TL;DR
This isn't a tool problem. It's a process problem. The solution is to make the costs of the current process visible to your management team.
Analysis and Recommendations
You don't identify your role, or that of your boss. Nevertheless, for most of your issues you point to your boss's decisions and company policies to explain why data reconciliation is a manual process. Processes have an associated cost, and the time spent reconciling all those Excel spreadsheets is one of them. Those costs, as well as any process improvements that could cut costs, should be visible to your management team so they can make an informed decision about whether or not the current process is optimal.
By definition, management owns all costs and risks related to a project. That includes the responsibility for budgeting for capital costs such as purpose-built tooling or other process automations, or opting for semi-manual processes such as the one you have now. In either case, management is making a business decision as to which costs they prefer to incur.

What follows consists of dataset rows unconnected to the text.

definition fam_span :: "'i set \<Rightarrow> ('i \<Rightarrow> int \<Rightarrow> complex) \<Rightarrow> (int \<Rightarrow> complex) set" where
  "fam_span I f = {w. \<exists>S c. finite S \<and> S \<subseteq> I \<and> w = (\<lambda>j. \<Sum>s\<in>S. c s * f s j)}"

definition is_basis_of :: "'i set \<Rightarrow> ('i \<Rightarrow> int \<Rightarrow> complex) \<Rightarrow> (int \<Rightarrow> complex) set \<Rightarrow> bool" where
  "is_basis_of I f W \<longleftrightarrow> (\<forall>i\<in>I. f i \<in> W) \<and> fam_indep I f \<and> fam_span I f = W"

definition generic :: "(int \<Rightarrow> complex) \<Rightarrow> bool" where
  "generic a \<longleftrightarrow> fam_indep (UNIV :: int set) (\<lambda>n. shiftA n a)"

definition perp :: "(int \<Rightarrow> complex) \<Rightarrow> (int \<Rightarrow> complex) set" where
  "perp a = {v \<in> Vsp. \<forall>i. pair a (shiftV i v) = 0}"

definition lidx :: "(int \<Rightarrow> complex) \<Rightarrow> int" where
  "lidx v = Min {i. v i \<noteq> 0}"

definition ridx :: "(int \<Rightarrow> complex) \<Rightarrow> int" where
  "ridx v = Max {i. v i \<noteq> 0}"

definition width :: "(int \<Rightarrow> complex) \<Rightarrow> int" where
  "width v = ridx v - lidx v"

end

theory Submission
  imports Defs
begin

(* Read V as the ring of Laurent polynomials, the translate n . v being t^n v. A non-zero v of
   width m divides every w in V with a remainder supported in [0, m): subtracting translates of v
   cancels the extreme coefficients of w, one at a time, against the extreme coefficients of v.
   Since a^perp is a translation-invariant subspace, the remainder of an element of a^perp lies in
   a^perp and has width below m, so it vanishes when m is minimal. Hence the translates of v span
   a^perp, and together with v_0, ..., v_(m-1) they span V. Independence comes from comparing top
   coefficients, and a non-trivial linear relation among the translates of a is itself a non-zero
   element of a^perp. *)

lemma Vsp_fun_upd: "d \<in> Vsp \<Longrightarrow> d(s := x) \<in> Vsp"
  unfolding Vsp_def by (auto intro: finite_subset[of _ "insert s {j. d j \<noteq> 0}"])

lemma restrict_in_Vsp: "finite S \<Longrightarrow> (\<lambda>s. if s \<in> S then c s else 0) \<in> Vsp"
  unfolding Vsp_def by (auto intro: finite_subset[of _ S])

lemma Vsp_bounded:
  assumes "w \<in> Vsp"
  obtains n :: nat where "\<And>j. int n \<le> \<bar>j\<bar> \<Longrightarrow> w j = 0"
proof
  define b where "b = Max (insert 0 (abs ` {j. w j \<noteq> 0}))"
  have "finite (abs ` {j. w j \<noteq> 0})" using assms by (simp add: Vsp_def)
  then have "\<bar>j\<bar> \<le> b" if "w j \<noteq> 0" for j
    using that unfolding b_def by (intro Max_ge) auto
  moreover have "b < int (nat b + 1)" by linarith
  ultimately show "w j = 0" if "int (nat b + 1) \<le> \<bar>j\<bar>" for j
    using that by fastforce
qed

Making the costs (including everyone's labor to fill out the data, as well as your labor to reconcile it all) and risks (manual processes are often error-prone) fully visible to management supports better executive decision-making. Making potential quality improvements or cost savings visible to management gives them options about where they want to invest business resources. If you make a case for a different process or tool that can save the project money, management can then decide whether or not to implement the change based on the needs of the business.
Whether senior management applies resources to improve your process or not, they still own the process. That means they must explicitly or implicitly accept the costs, risks, and consequences of whatever business decisions they make.
The project manager role shouldn't be held responsible for the choices of senior management. In this type of situation, the responsibility of the role extends to making known issues and potential improvements visible, and then gathering a funding or implementation decision (which may include acceptance of the status quo) from project sponsors or the accountable executive resource.